In stage 616, processor 102 determines whether an execution context has completed its operation. If an execution context has not completed, i.e., it's still running, and then processing may repeat at stage 614.
However, if an execution context has completed, then in stage 618 processor 102 may notify scheduler 300. In response, scheduler 300 may make that execution core available for reassignment to another execution context. Alternatively, upon an execution core completing its current execution context, processor 102 may automatically free that execution core and notify scheduler 300. Other sequences of operation may depend upon the specific implementations of processor 102 or OS 120.
Other embodiments of the invention will be apparent to those skilled in the art from consideration of the specification and practice of the invention disclosed herein. It is intended that the specification and examples be considered as exemplary only, with a true scope and spirit of the invention being indicated by the following claims.

Claims

1. A method of running a number of execution contexts on one or more multi-core processors through an operating system, wherein the number of cores is greater than or equal to the number of execution contexts, said method comprising:

assigning each execution context to a core of the one or more processors; and

asynchronously running the execution contexts on their assigned cores.
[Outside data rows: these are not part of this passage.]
lemma partial_concat_endpoints:
  fixes \<gamma> \<gamma>' :: "real \<Rightarrow> complex" and \<theta> :: "real \<Rightarrow> real" and C :: "nat \<Rightarrow> real"
  assumes deriv: "\<forall>s\<in>{0..1}. (\<gamma> has_vector_derivative \<gamma>' s) (at s within {0..1})"
    and theta: "\<forall>s\<in>{0..1}. \<gamma>' s = complex_of_real c * cis (\<theta> s)" and c: "c > 0"
    and arcs: "\<And>l. l \<in> {1..j} \<Longrightarrow> 0 \<le> C (\<sigma> l - 1) \<and> C (\<sigma> l - 1) < C (\<sigma> l) \<and> C (\<sigma> l) \<le> 1"
    and j: "1 \<le> j"
  defines "s0 \<equiv> C (\<sigma> 1 - 1)"
  shows "\<exists>f a b. partial_concat \<gamma> C \<sigma> j = (f, a, b) \<and> a < b \<and> (2 \<le> j \<longrightarrow> a = 0)
     \<and> b - a = (\<Sum>l = 1..j. C (\<sigma> l) - C (\<sigma> l - 1))
     \<and> f a = \<gamma> s0 \<and> (f has_vector_derivative \<gamma>' s0) (at a within {a..b})
     \<and> f b = \<gamma> s0 + cis (\<theta> s0) * rearranged_displacement \<gamma> \<theta> C \<sigma> j
     \<and> (f has_vector_derivative c * cis (\<theta> s0 + turning_before \<theta> C \<sigma> (Suc j))) (at b within {a..b})"
proof -
  have arc_deriv: "(\<gamma> has_vector_derivative \<gamma>' s) (at s within {x..y})"
    if "0 \<le> x" "y \<le> 1" "s \<in> {x..y}" for s x y
  proof (rule has_vector_derivative_within_subset)
    show "(\<gamma> has_vector_derivative \<gamma>' s) (at s within {0..1})"
      using deriv that by auto
  qed (use that in auto)
  show ?thesis
    using j arcs
  proof (induction j rule: nat_induct_at_least)
    case base
    then show ?case
      using theta arc_deriv[of s0 "C (\<sigma> 1)"]
      by (auto simp: partial_concat_def sub_arc_def s0_def rearranged_displacement_def turning_before_def
          cis_mult simp flip: mult.assoc)
  next
    case (Suc j)
    then obtain f a b where fab: "partial_concat \<gamma> C \<sigma> j = (f, a, b)" "a < b" "2 \<le> j \<longrightarrow> a = 0"
      "b - a = (\<Sum>l = 1..j. C (\<sigma> l) - C (\<sigma> l - 1))" "f a = \<gamma> s0"
      "(f has_vector_derivative \<gamma>' s0) (at a within {a..b})"
      "f b = \<gamma> s0 + cis (\<theta> s0) * rearranged_displacement \<gamma> \<theta> C \<sigma> j"
      "(f has_vector_derivative c * cis (\<theta> s0 + turning_before \<theta> C \<sigma> (Suc j))) (at b within {a..b})"
      by auto
    define s where "s = C (\<sigma> (Suc j) - 1)"
    define e where "e = C (\<sigma> (Suc j))"
    define A where "A = turning_before \<theta> C \<sigma> (Suc j)"
    have se: "0 \<le> s" "s < e" "e \<le> 1"
      using Suc.prems[of "Suc j"] by (auto simp: s_def e_def)
    have "sgn (c * cis (\<theta> s0 + A)) / sgn (\<gamma>' s) = cis (\<theta> s0) * cis (A - \<theta> s)"
      using c theta se by (simp add: sgn_mult sgn_of_real cis_divide cis_mult add_diff_eq)
    with concat_endpoint_data[OF fab(2) se(2) fab(6) fab(8)[folded A_def] arc_deriv[of s e s] arc_deriv[of s e e]]
    obtain g where g: "concat (f, a, b) (\<gamma>, s, e) = (g, 0, (b - a) + (e - s))" "0 < (b - a) + (e - s)"
      "g 0 = f a" "(g has_vector_derivative \<gamma>' s0) (at 0 within {0..(b - a) + (e - s)})"
      "g ((b - a) + (e - s)) = f b + cis (\<theta> s0) * cis (A - \<theta> s) * (\<gamma> e - \<gamma> s)"
      "(g has_vector_derivative cis (\<theta> s0) * cis (A - \<theta> s) * \<gamma>' e) (at ((b - a) + (e - s)) within {0..(b - a) + (e - s)})"
      using se by auto
    have "partial_concat \<gamma> C \<sigma> (Suc j) = concat (f, a, b) (\<gamma>, s, e)"
      using partial_concat_Suc[of j \<gamma> C \<sigma>] Suc.hyps fab(1) by (simp add: s_def e_def)
    moreover have "cis (\<theta> s0) * cis (A - \<theta> s) * \<gamma>' e = c * cis (\<theta> s0 + turning_before \<theta> C \<sigma> (Suc (Suc j)))"
      using theta se turning_before_Suc[of "Suc j" \<theta> C \<sigma>]
      by (simp add: A_def s_def e_def cis_mult mult.left_commute) (simp add: algebra_simps)
    moreover have "f b + cis (\<theta> s0) * cis (A - \<theta> s) * (\<gamma> e - \<gamma> s)
        = \<gamma> s0 + cis (\<theta> s0) * rearranged_displacement \<gamma> \<theta> C \<sigma> (Suc j)"
      by (simp add: fab(7) rearranged_displacement_Suc A_def s_def e_def algebra_simps)
    moreover have "(b - a) + (e - s) = (\<Sum>l = 1..Suc j. C (\<sigma> l) - C (\<sigma> l - 1))"
      using fab(4) by (simp add: s_def e_def)
    ultimately show ?case
      using g fab(5) by auto
  qed
qed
2. The method of claim 1, further comprising:

identifying when a plurality of execution contexts require synchronization; and

synchronizing the plurality of execution contexts using instructions provided by the processor based on when the plurality of execution contexts require synchronization.

3. The method of claim 1, further comprising:

identifying when a plurality of execution contexts require synchronization; and

synchronizing the plurality of execution contexts using a service of the operating system based on when the plurality of execution contexts require synchronization.
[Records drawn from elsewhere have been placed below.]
(* Let $X$ be a topological space, let $Y$ be a Urysohn space, let $S$ be a dense subset of $X$ and let $f:S\to Y$ be continuous. Then the following are equivalent: (1) $f$ has a continuous extension to $X$; (2) for every open set $V$ of $Y$ the set $X_{\theta}(f^{-1}(V))$ is open in $X$, and for every family $\{A_\beta\}$ of closed subsets of $Y$ with $\bigcap_\beta A_\beta=\emptyset$ one has $\bigcap_\beta\overline{f^{-1}(A_\beta)}=\emptyset$ (closures in $X$).
   Context: A Urysohn space is one in which any two distinct points have open neighborhoods with disjoint closures. $\mathcal N(x)$ is the set of open neighborhoods of $x$ in $X$. For $M\subseteq Y$, the $\theta$-closure $\mathrm{cl}_\theta M$ is the set of $y\in Y$ such that $\mathrm{cl}\,U\cap M\neq\emptyset$ for every open $U\ni y$. For $V\subseteq Y$, $X_\theta(f^{-1}(V))$ is the set of points $x\in X$ with $\bigcap\{\mathrm{cl}_\theta f(P\cap S):P\in\mathcal N(x)\}\subseteq V$. *)

theory Defs
  imports "HOL-Analysis.Analysis"
begin

definition Urysohn_space :: "'a topology \<Rightarrow> bool" where
  "Urysohn_space Y \<longleftrightarrow>
     (\<forall>x\<in>topspace Y. \<forall>y\<in>topspace Y. x \<noteq> y \<longrightarrow>
        (\<exists>U V. openin Y U \<and> openin Y V \<and> x \<in> U \<and> y \<in> V \<and>
               Y closure_of U \<inter> Y closure_of V = {}))"

definition theta_closure :: "'a topology \<Rightarrow> 'a set \<Rightarrow> 'a set" where
  "theta_closure Y M =
     {y \<in> topspace Y. \<forall>U. openin Y U \<and> y \<in> U \<longrightarrow> Y closure_of U \<inter> M \<noteq> {}}"

text \<open>X_theta(f^{-1}(V)) for f defined on S.\<close>
definition X_theta :: "'a topology \<Rightarrow> 'b topology \<Rightarrow> 'a set \<Rightarrow> ('a \<Rightarrow> 'b) \<Rightarrow> 'b set \<Rightarrow> 'a set" where
  "X_theta X Y S f V =
     {x \<in> topspace X.
        \<Inter>{theta_closure Y (f ` (P \<inter> S)) | P. openin X P \<and> x \<in> P} \<subseteq> V}"

end

theory Submission
  imports Defs
begin

text \<open>Attach to each point x of X its theta-cluster set, the intersection of the
  theta-closures of f(P \<inter> S) over the open neighbourhoods P of x; then X_theta(f^-1(V)) is
  the set of points whose cluster set lies in V. The condition on closed families, applied to
  the closures of two neighbourhoods that separate distinct points in the Urysohn space Y,
  shows that a cluster set has at most one point; applied to the closures of the sets
  f(P \<inter> S), it shows that the cluster set is nonempty, since theta-closures contain closures.
  The extension g sends x to the unique point of its cluster set, and
  g^-1(V) = X_theta(f^-1(V)) makes it continuous. Conversely, a continuous extension g
  satisfies the condition on closed families and g x lies in the cluster set of x, which is
  therefore {g x}.\<close>

definition theta_cluster :: "'a topology \<Rightarrow> 'b topology \<Rightarrow> 'a set \<Rightarrow> ('a \<Rightarrow> 'b) \<Rightarrow> 'a \<Rightarrow> 'b set"
  where "theta_cluster X Y S f x = \<Inter>{theta_closure Y (f ` (P \<inter> S)) | P. openin X P \<and> x \<in> P}"

definition closed_family_condition :: "'a topology \<Rightarrow> 'b topology \<Rightarrow> 'a set \<Rightarrow> ('a \<Rightarrow> 'b) \<Rightarrow> bool"
  where "closed_family_condition X Y S f \<longleftrightarrow>
    (\<forall>\<A>. (\<forall>A\<in>\<A>. closedin Y A) \<and> topspace Y \<inter> \<Inter>\<A> = {} \<longrightarrow>
          topspace X \<inter> (\<Inter>A\<in>\<A>. X closure_of {s\<in>S. f s \<in> A}) = {})"

lemma closed_family_conditionD:
  assumes "closed_family_condition X Y S f" "\<forall>A\<in>\<A>. closedin Y A" "topspace Y \<inter> \<Inter>\<A> = {}"
  shows "topspace X \<inter> (\<Inter>A\<in>\<A>. X closure_of {s\<in>S. f s \<in> A}) = {}"
  using assms(1)[unfolded closed_family_condition_def, rule_format, of \<A>] assms(2,3) by blast

lemma in_theta_cluster_iff:
  "y \<in> theta_cluster X Y S f x \<longleftrightarrow>
     (\<forall>P. openin X P \<and> x \<in> P \<longrightarrow> y \<in> theta_closure Y (f ` (P \<inter> S)))"
  unfolding theta_cluster_def by blast

lemma X_theta_eq_theta_cluster:
  "X_theta X Y S f V = {x \<in> topspace X. theta_cluster X Y S f x \<subseteq> V}"
  unfolding X_theta_def theta_cluster_def by blast

lemma theta_closure_subset_topspace: "theta_closure Y M \<subseteq> topspace Y"
  unfolding theta_closure_def by blast

lemma closure_of_subset_theta_closure: "Y closure_of M \<subseteq> theta_closure Y M"
proof
  fix y assume y: "y \<in> Y closure_of M"
  have "Y closure_of U \<inter> M \<noteq> {}" if "openin Y U" "y \<in> U" for U
    using y that closure_of_subset[OF openin_subset[OF \<open>openin Y U\<close>]] unfolding in_closure_of by blast
  then show "y \<in> theta_closure Y M"
    using y in_closure_of unfolding theta_closure_def by fastforce
qed

lemma theta_cluster_subset_topspace:
  "x \<in> topspace X \<Longrightarrow> theta_cluster X Y S f x \<subseteq> topspace Y"
  using theta_closure_subset_topspace by (fastforce simp: in_theta_cluster_iff)

lemma in_closure_of_open_Int_dense:
  assumes "X closure_of S = topspace X" "openin X P" "x \<in> P"
  shows "x \<in> X closure_of (P \<inter> S)"
proof -
  have "x \<in> P \<inter> X closure_of S"
    using assms openin_subset by blast
  then show ?thesis
    using openin_Int_closure_of_subset[OF assms(2)] by blast
qed

lemma in_theta_cluster_if_in_closures:
  assumes "\<And>P. openin X P \<Longrightarrow> x \<in> P \<Longrightarrow> y \<in> Y closure_of (f ` (P \<inter> S))"
  shows "y \<in> theta_cluster X Y S f x"
  unfolding in_theta_cluster_iff
proof (intro allI impI)
  fix P assume "openin X P \<and> x \<in> P"
  then have "y \<in> Y closure_of (f ` (P \<inter> S))"
    using assms by blast
  then show "y \<in> theta_closure Y (f ` (P \<inter> S))"
    by (rule subsetD[OF closure_of_subset_theta_closure])
qed

lemma in_closure_of_preimage_closure_of_open:
  assumes "y \<in> theta_cluster X Y S f x" "x \<in> topspace X" "openin Y U" "y \<in> U"
  shows "x \<in> X closure_of {s\<in>S. f s \<in> Y closure_of U}"
proof -
  have "\<exists>s\<in>{s\<in>S. f s \<in> Y closure_of U}. s \<in> T" if "openin X T" "x \<in> T" for T
  proof -
    have "y \<in> theta_closure Y (f ` (T \<inter> S))"
      using assms(1) that by (simp add: in_theta_cluster_iff)
    then have "Y closure_of U \<inter> f ` (T \<inter> S) \<noteq> {}"
      using assms(3,4) by (simp add: theta_closure_def)
    then show ?thesis
      by blast
  qed
  then show ?thesis
    using assms(2) by (auto simp: in_closure_of)
qed

lemma theta_cluster_subsingleton:
  assumes "Urysohn_space Y" "closed_family_condition X Y S f" "x \<in> topspace X"
    and "y1 \<in> theta_cluster X Y S f x" "y2 \<in> theta_cluster X Y S f x"
  shows "y1 = y2"
proof (rule ccontr)
  assume "y1 \<noteq> y2"
  moreover have "y1 \<in> topspace Y" "y2 \<in> topspace Y"
    using assms(3-5) theta_cluster_subset_topspace by (meson subsetD)+
  ultimately obtain U1 U2 where U: "openin Y U1" "openin Y U2" "y1 \<in> U1" "y2 \<in> U2"
      and disj: "Y closure_of U1 \<inter> Y closure_of U2 = {}"
    using assms(1) unfolding Urysohn_space_def by meson
  have "(\<forall>A\<in>{Y closure_of U1, Y closure_of U2}. closedin Y A) \<and>
        topspace Y \<inter> \<Inter>{Y closure_of U1, Y closure_of U2} = {}"
    using disj by auto
  then have "topspace X \<inter> (\<Inter>A\<in>{Y closure_of U1, Y closure_of U2}. X closure_of {s\<in>S. f s \<in> A}) = {}"
    using closed_family_conditionD[OF assms(2)] by blast
  moreover have "x \<in> X closure_of {s\<in>S. f s \<in> Y closure_of U1}"
    using in_closure_of_preimage_closure_of_open[OF assms(4,3) U(1,3)] .
  moreover have "x \<in> X closure_of {s\<in>S. f s \<in> Y closure_of U2}"
    using in_closure_of_preimage_closure_of_open[OF assms(5,3) U(2,4)] .
  ultimately show False
    using assms(3) by auto
qed

lemma theta_cluster_nonempty:
  assumes "closed_family_condition X Y S f" "X closure_of S = topspace X"
    and "f ` S \<subseteq> topspace Y" "x \<in> topspace X"
  shows "theta_cluster X Y S f x \<noteq> {}"
proof
  assume empty: "theta_cluster X Y S f x = {}"
  define \<A> where "\<A> = {Y closure_of (f ` (P \<inter> S)) | P. openin X P \<and> x \<in> P}"
  have "y \<in> theta_cluster X Y S f x" if "y \<in> \<Inter>\<A>" for y
    by (rule in_theta_cluster_if_in_closures) (use that in \<open>auto simp: \<A>_def\<close>)
  with empty have "topspace Y \<inter> \<Inter>\<A> = {}"
    by blast
  moreover have "\<forall>A\<in>\<A>. closedin Y A"
    unfolding \<A>_def by auto
  ultimately have "topspace X \<inter> (\<Inter>A\<in>\<A>. X closure_of {s\<in>S. f s \<in> A}) = {}"
    using closed_family_conditionD[OF assms(1)] by blast
  moreover have "x \<in> X closure_of {s\<in>S. f s \<in> A}" if A: "A \<in> \<A>" for A
  proof -
    obtain P where P: "openin X P" "x \<in> P" "A = Y closure_of (f ` (P \<inter> S))"
      using A unfolding \<A>_def by blast
    have "f ` (P \<inter> S) \<subseteq> A"
      using P(3) closure_of_subset assms(3) by (metis image_mono inf_le2 order_trans)
    then have "X closure_of (P \<inter> S) \<subseteq> X closure_of {s\<in>S. f s \<in> A}"
      by (intro closure_of_mono) blast
    then show ?thesis
      using in_closure_of_open_Int_dense[OF assms(2) P(1,2)] by blast
  qed
  ultimately show False
    using assms(4) by blast
qed

lemma closed_family_condition_continuous_extension:
  assumes "continuous_map X Y g" "\<forall>s\<in>S. g s = f s"
  shows "closed_family_condition X Y S f"
  unfolding closed_family_condition_def
proof (intro allI impI)
  fix \<A> assume \<A>: "(\<forall>A\<in>\<A>. closedin Y A) \<and> topspace Y \<inter> \<Inter>\<A> = {}"
  have "g x \<in> A" if "A \<in> \<A>" "x \<in> X closure_of {s\<in>S. f s \<in> A}" for x A
  proof -
    have "g x \<in> Y closure_of (g ` {s\<in>S. f s \<in> A})"
      using continuous_map_image_closure_subset[OF assms(1)] that(2) by blast
    also have "\<dots> \<subseteq> Y closure_of A"
      using assms(2) by (intro closure_of_mono) auto
    also have "\<dots> = A"
      using \<A> that(1) by (simp add: closure_of_closedin)
    finally show ?thesis .
  qed
  moreover have "g x \<in> topspace Y" if "x \<in> topspace X" for x
    using continuous_map_image_subset_topspace[OF assms(1)] that by blast
  ultimately show "topspace X \<inter> (\<Inter>A\<in>\<A>. X closure_of {s\<in>S. f s \<in> A}) = {}"
    using \<A> by blast
qed

lemma continuous_extension_in_theta_cluster:
  assumes "continuous_map X Y g" "\<forall>s\<in>S. g s = f s" "X closure_of S = topspace X"
  shows "g x \<in> theta_cluster X Y S f x"
proof (rule in_theta_cluster_if_in_closures)
  fix P assume "openin X P" "x \<in> P"
  then have "g x \<in> g ` (X closure_of (P \<inter> S))"
    by (intro imageI in_closure_of_open_Int_dense[OF assms(3)])
  also have "\<dots> \<subseteq> Y closure_of (g ` (P \<inter> S))"
    using continuous_map_image_closure_subset[OF assms(1)] .
  also have "g ` (P \<inter> S) = f ` (P \<inter> S)"
    using assms(2) by auto
  finally show "g x \<in> Y closure_of (f ` (P \<inter> S))" .
qed

lemma image_in_theta_cluster:
  assumes "f ` S \<subseteq> topspace Y" "s \<in> S"
  shows "f s \<in> theta_cluster X Y S f s"
proof (rule in_theta_cluster_if_in_closures)
  fix P assume "openin X P" "s \<in> P"
  then have "f s \<in> f ` (P \<inter> S)"
    using assms(2) by blast
  moreover have "f ` (P \<inter> S) \<subseteq> topspace Y"
    using assms(1) by blast
  ultimately show "f s \<in> Y closure_of (f ` (P \<inter> S))"
    using closure_of_subset by blast
qed

lemma X_theta_eq_preimage:
  assumes "\<And>x. x \<in> topspace X \<Longrightarrow> theta_cluster X Y S f x = {g x}"
  shows "X_theta X Y S f V = {x \<in> topspace X. g x \<in> V}"
  using assms by (auto simp: X_theta_eq_theta_cluster)

lemma theta_cluster_eq_continuous_extension:
  assumes "Urysohn_space Y" "X closure_of S = topspace X"
    and "continuous_map X Y g" "\<forall>s\<in>S. g s = f s" "x \<in> topspace X"
  shows "theta_cluster X Y S f x = {g x}"
  using theta_cluster_subsingleton[OF assms(1) closed_family_condition_continuous_extension[OF assms(3,4)] assms(5)]
    continuous_extension_in_theta_cluster[OF assms(3,4,2)]
  by blast

lemma continuous_extension_exists:
  assumes "Urysohn_space Y" "S \<subseteq> topspace X" "X closure_of S = topspace X"
    and "f ` S \<subseteq> topspace Y" "closed_family_condition X Y S f"
    and "\<And>V. openin Y V \<Longrightarrow> openin X (X_theta X Y S f V)"
  shows "\<exists>g. continuous_map X Y g \<and> (\<forall>s\<in>S. g s = f s)"
proof -
  have "\<exists>y. theta_cluster X Y S f x = {y}" if x: "x \<in> topspace X" for x
  proof -
    obtain y where y: "y \<in> theta_cluster X Y S f x"
      using theta_cluster_nonempty[OF assms(5,3,4) x] by blast
    then have "theta_cluster X Y S f x = {y}"
      using theta_cluster_subsingleton[OF assms(1,5) x _ y] by blast
    then show ?thesis ..
  qed
  then obtain g where g: "\<And>x. x \<in> topspace X \<Longrightarrow> theta_cluster X Y S f x = {g x}"
    by metis
  have "\<forall>s\<in>S. g s = f s"
    using g assms(2) image_in_theta_cluster[OF assms(4)] by (metis singletonD subsetD)
  moreover have "g \<in> topspace X \<rightarrow> topspace Y"
  proof
    fix x assume x: "x \<in> topspace X"
    have "g x \<in> theta_cluster X Y S f x"
      using g[OF x] by simp
    then show "g x \<in> topspace Y"
      by (rule subsetD[OF theta_cluster_subset_topspace[OF x]])
  qed
  moreover have "openin X {x \<in> topspace X. g x \<in> V}" if "openin Y V" for V
    using assms(6)[OF that] by (simp only: X_theta_eq_preimage[OF g])
  ultimately show ?thesis
    unfolding continuous_map_def by blast
qed

theorem corollary3p4:
  fixes X :: "'a topology" and Y :: "'b topology"
    and S :: "'a set" and f :: "'a \<Rightarrow> 'b"
  assumes "Urysohn_space Y"
    and "S \<subseteq> topspace X" and "X closure_of S = topspace X"
    and "continuous_map (subtopology X S) Y f"
  shows "(\<exists>g. continuous_map X Y g \<and> (\<forall>x\<in>S. g x = f x)) \<longleftrightarrow>
         ((\<forall>V. openin Y V \<longrightarrow> openin X (X_theta X Y S f V)) \<and>
          (\<forall>\<A>. (\<forall>A\<in>\<A>. closedin Y A) \<and> topspace Y \<inter> \<Inter>\<A> = {} \<longrightarrow>
                topspace X \<inter> (\<Inter>A\<in>\<A>. X closure_of {s\<in>S. f s \<in> A}) = {}))"
  unfolding closed_family_condition_def[symmetric]
proof
  assume "\<exists>g. continuous_map X Y g \<and> (\<forall>x\<in>S. g x = f x)"
  then obtain g where g: "continuous_map X Y g" "\<forall>s\<in>S. g s = f s"
    by blast
  have "X_theta X Y S f V = {x \<in> topspace X. g x \<in> V}" for V
    using X_theta_eq_preimage[OF theta_cluster_eq_continuous_extension[OF assms(1,3) g]] .
  then have "openin X (X_theta X Y S f V)" if "openin Y V" for V
    using openin_continuous_map_preimage[OF g(1) that] by simp
  then show "(\<forall>V. openin Y V \<longrightarrow> openin X (X_theta X Y S f V)) \<and> closed_family_condition X Y S f"
    using closed_family_condition_continuous_extension[OF g] by blast
next
  assume conditions: "(\<forall>V. openin Y V \<longrightarrow> openin X (X_theta X Y S f V)) \<and> closed_family_condition X Y S f"
  have "f ` S \<subseteq> topspace Y"
    using continuous_map_image_subset_topspace[OF assms(4)] assms(2) by (simp add: inf_absorb2)
  with conditions show "\<exists>g. continuous_map X Y g \<and> (\<forall>x\<in>S. g x = f x)"
    using continuous_extension_exists[OF assms(1-3)] by simp
qed

end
4. The method of claim 1, wherein assigning each execution context to the core of the one or more processors comprises assigning each of the cores one execution context at most.
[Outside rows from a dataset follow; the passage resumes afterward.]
text \<open>The potential with offset \<open>\<sigma> s\<close> at \<open>k\<close> equals \<open>\<sigma> s\<close> at \<open>k\<close>, \<open>0\<close> at the other labeled
  nodes (all walks between distinct nodes cost at least \<open>s\<close>) and at least the nearest
  distance at \<open>p\<close> (walks from \<open>k\<close> to \<open>p\<close> cost at least \<open>s\<close> more).\<close>
lemma signed_weight_le_cost_excess:
  assumes k: "k < nl" "k \<noteq> nearest" and s: "0 < s" "\<forall>e<m. s \<le> d e"
    and gap: "\<forall>c. walk k p c \<longrightarrow> nearest_dist + s \<le> c" and \<sigma>: "\<sigma> = 1 \<or> \<sigma> = -1"
    and x: "feasible x"
  shows "nearest_dist - \<sigma> * s * net_outflow x k \<le> flow_cost x"
proof -
  define \<delta> where "\<delta> = (\<lambda>j. if j = k then \<sigma> * s else 0)"
  have B: "\<forall>j. -s \<le> \<delta> j" using \<sigma> s by (auto simp: \<delta>_def)
  have long: "s \<le> c" if "walk u v c" "u \<noteq> v" for u v c
    using walk_cost_ge_edge[OF that] s by force
  have at_k: "potential \<delta> k = \<sigma> * s"
  proof (rule antisym)
    show "potential \<delta> k \<le> \<sigma> * s" using potential_le[OF B k(1) walk_Nil] by (simp add: \<delta>_def)
    show "\<sigma> * s \<le> potential \<delta> k"
    proof (rule potential_ge)
      show "k < n" using k target_unlabeled by simp
      fix j c assume "j < nl" "walk j k c"
      thus "\<sigma> * s \<le> \<delta> j + c" using long[of j k c] walk_cost_nonneg[of j k c] \<sigma> s
        by (cases "j = k") (auto simp: \<delta>_def)
    qed
  qed
  have at_labeled: "potential \<delta> j = 0" if j: "j < nl" "j \<noteq> k" for j
  proof (rule antisym)
    show "potential \<delta> j \<le> 0" using potential_le[OF B j(1) walk_Nil] j by (simp add: \<delta>_def)
    show "0 \<le> potential \<delta> j"
    proof (rule potential_ge)
      show "j < n" using j target_unlabeled by simp
      fix j' c assume "j' < nl" "walk j' j c"
      thus "0 \<le> \<delta> j' + c" using long[of j' j c] walk_cost_nonneg[of j' j c] \<sigma> s j
        by (cases "j' = k") (auto simp: \<delta>_def)
    qed
  qed
  have at_target: "nearest_dist \<le> potential \<delta> p"
  proof (rule potential_ge)
    show "p < n" using target_unlabeled by simp
    fix j c assume "j < nl" "walk j p c"
    thus "nearest_dist \<le> \<delta> j + c" using nearest_dist_le_walk[of j c] gap \<sigma> s
      by (cases "j = k") (auto simp: \<delta>_def)
  qed
  have "(\<Sum>i<nl. potential \<delta> i * net_outflow x i) = (\<Sum>i<nl. if i = k then \<sigma> * s * net_outflow x k else 0)"
    using at_k at_labeled by (intro sum.cong) auto
  also have "\<dots> = \<sigma> * s * net_outflow x k" using k by simp
  finally have "(\<Sum>i<nl. potential \<delta> i * net_outflow x i) = \<sigma> * s * net_outflow x k" .
  moreover have "potential \<delta> p - (\<Sum>i<nl. potential \<delta> i * net_outflow x i) \<le> flow_cost x"
    using lipschitz_potential_le_flow_cost[OF x] potential_lipschitz[OF B] by blast
  ultimately show ?thesis using at_target by linarith
qed

lemma weight_le_cost_excess:
  assumes k: "k < nl" "k \<noteq> nearest"
  shows "\<exists>s>0. \<forall>x. feasible x \<longrightarrow> s * \<bar>net_outflow x k\<bar> \<le> flow_cost x - nearest_dist"
proof -
  obtain g where g: "g > 0" "\<forall>c. walk k p c \<longrightarrow> nearest_dist + g \<le> c"
    using nearest_dist_gap[OF k] by blast
  define s where "s = Min (insert g (d ` {..<m}))"
  have "s \<in> insert g (d ` {..<m})" unfolding s_def by (rule Min_in) auto
  hence "s > 0" using g cost_pos by auto
  moreover have "\<forall>e<m. s \<le> d e" unfolding s_def by auto
  moreover have "s \<le> g" unfolding s_def by simp
  hence "\<forall>c. walk k p c \<longrightarrow> nearest_dist + s \<le> c" using g by force
  ultimately have "s * \<bar>net_outflow x k\<bar> \<le> flow_cost x - nearest_dist" if "feasible x" for x
    using signed_weight_le_cost_excess[OF k _ _ _ _ that, of s 1]
      signed_weight_le_cost_excess[OF k _ _ _ _ that, of s "-1"]
    by (cases "net_outflow x k \<ge> 0") auto
  thus ?thesis using \<open>s > 0\<close> by blast
qed

lemma opt_flow_cost_excess_le:
  "\<exists>C. \<forall>lam>0. flow_cost (opt_flow lam) - nearest_dist \<le> C / lam"
proof -
  obtain c where "walk nearest p c" "c = nearest_dist"
    using path_imp_walk nearest_path by (auto simp: lab_path_def)
  then obtain x0 where x0: "unit_flow x0 nearest p" "flow_cost x0 \<le> nearest_dist"
    using walk_imp_unit_flow by blast
  have "feasible x0" using unit_flow_imp_feasible[OF x0(1) nearest_labeled] .
  define C where "C = (\<Sum>e<m. d e * (x0 e)\<^sup>2)"
  have "flow_cost (opt_flow lam) - nearest_dist \<le> C / lam" if lam: "lam > 0" for lam
  proof -
    have "0 \<le> (\<Sum>e<m. d e * (opt_flow lam e)\<^sup>2)"
      using cost_pos by (intro sum_nonneg) (auto simp: less_imp_le)
    moreover have "flow_obj m d lam (opt_flow lam) \<le> flow_obj m d lam x0"
      using flow_is_minimizer(2) lam \<open>feasible x0\<close> by simp
    moreover have "lam * flow_cost x0 \<le> lam * nearest_dist" using x0 lam by simp
    ultimately have "lam * (flow_cost (opt_flow lam) - nearest_dist) \<le> C"
      unfolding flow_obj_eq C_def by (simp add: algebra_simps)
    thus ?thesis using lam by (simp add: field_simps)
  qed
  thus ?thesis by blast
qed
5. The method of claim 4, further comprising:

determining when the one execution context is blocked;

suspending operation of the core assigned to the one execution context; and

preventing the core assigned to the at least level execution context from being switched to another execution context.

6. The method of claim 5, wherein suspending operation of the core comprises suspending the core based on a service of the operating system.

7. The method of claim 5, wherein suspending operation of the core comprises suspending the core based on an instruction provided from the processor.

8. The method of claim 5, wherein suspending the operation of the core assigned to the one execution context is performed based on an instruction provided from the processor.

9. The method of claim 7, wherein suspending operation of the core assigned to the at least one execution context comprises powering down the core assigned to the at least one execution context.

10. The method of claim 1, further comprising:

determining when the execution context has completed; and

allowing the execution core assigned the completed execution context to be reassigned to another execution context.

11. An apparatus configured to perform the method of claim 1.

12. A computer readable medium comprising computer executable instructions for performing the method of claim 1.

13. A computer system, comprising:

at least one processor having a plurality of processing cores that can each asynchronously execute an execution context; and

an operating system having a kernel that is configured to determine available processing cores and assign execution contexts to respective cores that are available.

14. The computer system of claim 13, wherein the operating system is configured to identify when a plurality of execution contexts require synchronization and the at least one processor provides an instruction that synchronizes the plurality of execution contexts based on when the plurality of execution contexts require synchronization.

15. The computer system of claim 13, wherein the operating system is configured to identify when a plurality of execution contexts require synchronization for an application and provide a service that synchronizes the plurality of execution contexts based on when the plurality of execution contexts require synchronization.

16. The computer system of claim 13, wherein the operating system is configured to assign each of the cores at most one execution context.

17. The computer system of claim 16, wherein the operating system is configured to determine when the one execution context is blocked, and the at least one processor is configured to suspend operation of the core assigned to the at least one execution context, while maintaining the assignment of the core to that one execution context.

18. The computer system of claim 16, wherein the operating system is configured to determine when the one execution context is blocked due to a request for synchronization and suspend the operation of that core.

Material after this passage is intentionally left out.